(Given entries):
*-*-*

lemma AE_convergent_if_rapid_L2:
  assumes L2: "\<And>i. L2fun (h i)"
    and rapid: "\<And>i. normsqL2 (\<lambda>t. h (Suc i) t - h i t) \<le> (1/8)^i"
  shows "AE t in lebesgue. convergent (\<lambda>i. h i t)"
proof -
  (* The weights 2^i keep the integrals summable, and x \<le> 2^-i + 2^i x^2 turns pointwise
     summability of D into absolute convergence of the increments. *)
  define D where "D i t = 2^i * (norm (h (Suc i) t - h i t))\<^sup>2" for i t
  have L2_diff: "L2fun (\<lambda>t. h (Suc i) t - h i t)" for i
    by (intro L2fun_diff L2)
  have [measurable]: "h i \<in> borel_measurable lebesgue" for i
    using L2 by (rule L2fun_measurable)
  have "AE t in lebesgue. summable (\<lambda>i. D i t)"
  proof (rule AE_summable_if_summable_integrals)
    show "D i \<in> borel_measurable lebesgue" for i
      unfolding D_def by measurable
    show "integrable lebesgue (D i)" for i
      unfolding D_def using L2_diff by (intro integrable_mult_right L2fun_integrable_normsq)
    have "(\<integral>t. D i t \<partial>lebesgue) \<le> (1/4)^i" for i
    proof -
      have "(\<integral>t. D i t \<partial>lebesgue) = 2^i * normsqL2 (\<lambda>t. h (Suc i) t - h i t)"
        unfolding D_def normsqL2_def by simp
      also have "\<dots> \<le> 2^i * (1/8)^i"
        using rapid by (intro mult_left_mono) auto
      also have "\<dots> \<le> (1/4)^i"
        by (simp add: power_mult_distrib[symmetric])
      finally show ?thesis .
    qed
    then show "summable (\<lambda>i. \<integral>t. D i t \<partial>lebesgue)"
      by (intro summable_comparison_test[OF _ summable_geometric[of "1/4"]])
        (auto simp: D_def intro!: integral_nonneg_AE)
  qed (simp add: D_def)
  then show ?thesis
  proof eventually_elim
    case (elim t)
    have "norm (h (Suc i) t - h i t) \<le> (1/2)^i + D i t" for i
      using le_add_square_divide[of "(1/2)^i" "norm (h (Suc i) t - h i t)"]
      by (simp add: D_def power_one_over field_simps)
    then have "summable (\<lambda>i. norm (h (Suc i) t - h i t))"
      by (intro summable_comparison_test[OF _ summable_add[OF summable_geometric elim]]) auto
    then show ?case
      by (rule convergent_if_summable_norm_diff)
  qed
qed

lemma L2fun_AE_limit:
  assumes L2: "\<And>m. L2fun (f m)" and [measurable]: "g \<in> borel_measurable lebesgue"
    and lim: "AE t in lebesgue. (\<lambda>m. f m t) \<longlonglongrightarrow> g t"
    and bound: "\<forall>\<^sub>F m in sequentially. normsqL2 (f m) \<le> c"
  shows "L2fun g \<and> normsqL2 g \<le> c"
proof -
  have [measurable]: "f m \<in> borel_measurable lebesgue" for m
    using L2 by (rule L2fun_measurable)
  have nn_f: "(\<integral>\<^sup>+t. ennreal ((norm (f m t))\<^sup>2) \<partial>lebesgue) = ennreal (normsqL2 (f m))" for m
    unfolding normsqL2_def using L2 by (intro nn_integral_eq_integral L2fun_integrable_normsq) auto
  have "(\<integral>\<^sup>+t. ennreal ((norm (g t))\<^sup>2) \<partial>lebesgue)
      = (\<integral>\<^sup>+t. liminf (\<lambda>m. ennreal ((norm (f m t))\<^sup>2)) \<partial>lebesgue)"
    using lim
    by (intro nn_integral_cong_AE, eventually_elim)
      (intro lim_imp_Liminf[symmetric] tendsto_ennrealI tendsto_intros, auto)
  also have "\<dots> \<le> liminf (\<lambda>m. \<integral>\<^sup>+t. ennreal ((norm (f m t))\<^sup>2) \<partial>lebesgue)"
    by (rule nn_integral_liminf) measurable
  also have "\<dots> \<le> ennreal c"
    using bound unfolding nn_f
    by (intro Liminf_le) (auto elim!: eventually_mono intro: ennreal_leI)
  finally have le: "(\<integral>\<^sup>+t. ennreal ((norm (g t))\<^sup>2) \<partial>lebesgue) \<le> ennreal c" .
  then have int: "integrable lebesgue (\<lambda>t. (norm (g t))\<^sup>2)"
    by (intro integrableI_bounded) (auto simp: le_less_trans)
  have "0 \<le> c"
    using bound normsqL2_nonneg eventually_happens'[OF sequentially_bot, of "\<lambda>m. normsqL2 (f m) \<le> c"]
    by (meson order_trans)
  then have "normsqL2 g \<le> c"
    using le unfolding normsqL2_def nn_integral_eq_integral[OF int AE_I2[OF zero_le_power2]]
    by simp
  with int show ?thesis unfolding L2fun_def by simp
qed

lemma L2_limit_of_rapid_Cauchy:
  assumes h_L2: "\<And>i. L2fun (h i)"
    and h_rapid: "\<And>i m. i \<le> m \<Longrightarrow> normsqL2 (\<lambda>t. h m t - h i t) \<le> (1/8)^i"
  obtains g where "L2fun g" "\<And>i. normsqL2 (\<lambda>t. g t - h i t) \<le> (1/8)^i"
proof -
  have [measurable]: "h i \<in> borel_measurable lebesgue" for i
    using h_L2 by (rule L2fun_measurable)
  define g where "g t = lim (\<lambda>i. h i t)" for t
  have [measurable]: "g \<in> borel_measurable lebesgue"
    unfolding g_def by measurable
  have "AE t in lebesgue. convergent (\<lambda>i. h i t)"
    by (intro AE_convergent_if_rapid_L2 h_L2 h_rapid) simp
  then have h_lim: "AE t in lebesgue. (\<lambda>i. h i t) \<longlonglongrightarrow> g t"
    by eventually_elim (simp add: g_def convergent_LIMSEQ_iff)
  have g_close: "L2fun (\<lambda>t. g t - h i t) \<and> normsqL2 (\<lambda>t. g t - h i t) \<le> (1/8)^i" for i
  proof (rule L2fun_AE_limit[where f = "\<lambda>m t. h m t - h i t"])
    show "L2fun (\<lambda>t. h m t - h i t)" for m
      by (intro L2fun_diff h_L2)
    show "AE t in lebesgue. (\<lambda>m. h m t - h i t) \<longlonglongrightarrow> g t - h i t"
      using h_lim by eventually_elim (intro tendsto_diff tendsto_const)
    show "\<forall>\<^sub>F m in sequentially. normsqL2 (\<lambda>t. h m t - h i t) \<le> (1/8)^i"
      using h_rapid by (intro eventually_sequentiallyI[of i])
  qed measurable
  moreover have "L2fun g"
    using L2fun_add[OF conjunct1[OF g_close[of 0]] h_L2[of 0]] by simp
  ultimately show ?thesis
    using that by blast
qed

lemma L2fun_complete:
  assumes L2: "\<And>n. L2fun (f n)"
    and Cauchy: "\<And>\<epsilon>. \<epsilon> > 0 \<Longrightarrow> \<exists>N. \<forall>m\<ge>N. \<forall>n\<ge>N. normsqL2 (\<lambda>t. f m t - f n t) < \<epsilon>"
  shows "\<exists>g. L2fun g \<and> (\<lambda>n. normsqL2 (\<lambda>t. f n t - g t)) \<longlonglongrightarrow> 0"
proof -
  obtain r where "mono r"
    and r: "\<And>i m n. r i \<le> m \<Longrightarrow> r i \<le> n \<Longrightarrow> normsqL2 (\<lambda>t. f m t - f n t) < (1/8)^i"
    using Cauchy_rapid_subseq[OF Cauchy, of "\<lambda>i. (1/8)^i"] by auto
  have "normsqL2 (\<lambda>t. f (r m) t - f (r i) t) \<le> (1/8)^i" if "i \<le> m" for i m
    using r[of i "r m" "r i"] monoD[OF \<open>mono r\<close> that] by simp
  then obtain g where g_L2: "L2fun g" and g_close: "\<And>i. normsqL2 (\<lambda>t. g t - f (r i) t) \<le> (1/8)^i"
    using L2_limit_of_rapid_Cauchy[of "\<lambda>i. f (r i)"] L2 by blast
  have f_close: "normsqL2 (\<lambda>t. f n t - g t) \<le> 4 * (1/8)^i" if "r i \<le> n" for i n
  proof -
    have "normsqL2 (\<lambda>t. f n t - g t)
        \<le> 2 * normsqL2 (\<lambda>t. f n t - f (r i) t) + 2 * normsqL2 (\<lambda>t. f (r i) t - g t)"
      by (rule normsqL2_diff_le[OF L2 L2 g_L2])
    also have "\<dots> \<le> 2 * (1/8)^i + 2 * (1/8)^i"
      using r[OF that order_refl] g_close[of i]
      by (intro add_mono) (auto simp: normsqL2_minus_commute)
    finally show ?thesis by simp
  qed
  have "(\<lambda>n. normsqL2 (\<lambda>t. f n t - g t)) \<longlonglongrightarrow> 0"
  proof (rule LIMSEQ_I)
    fix \<epsilon> :: real assume "0 < \<epsilon>"
    then obtain i where i: "(1/8::real)^i < \<epsilon> / 4"
      using real_arch_pow_inv[of "\<epsilon>/4" "1/8"] by auto
    have "norm (normsqL2 (\<lambda>t. f n t - g t) - 0) < \<epsilon>" if "r i \<le> n" for n
      using f_close[OF that] i normsqL2_nonneg[of "\<lambda>t. f n t - g t"] by simp
    then show "\<exists>N. \<forall>n\<ge>N. norm (normsqL2 (\<lambda>t. f n t - g t) - 0) < \<epsilon>"
      by blast
  qed
  with g_L2 show ?thesis by blast
qed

*-*-*

(Required action): Write out word for word only the lines from the start of the entries down to the line with "(* The weights", please, including both ends.

(Solution to this exercise):
lemma AE_convergent_if_rapid_L2:
  assumes L2: "\<And>i. L2fun (h i)"
    and rapid: "\<And>i. normsqL2 (\<lambda>t. h (Suc i) t - h i t) \<le> (1/8)^i"
  shows "AE t in lebesgue. convergent (\<lambda>i. h i t)"
proof -
  (* The weights 2^i keep the integrals summable, and x \<le> 2^-i + 2^i x^2 turns pointwise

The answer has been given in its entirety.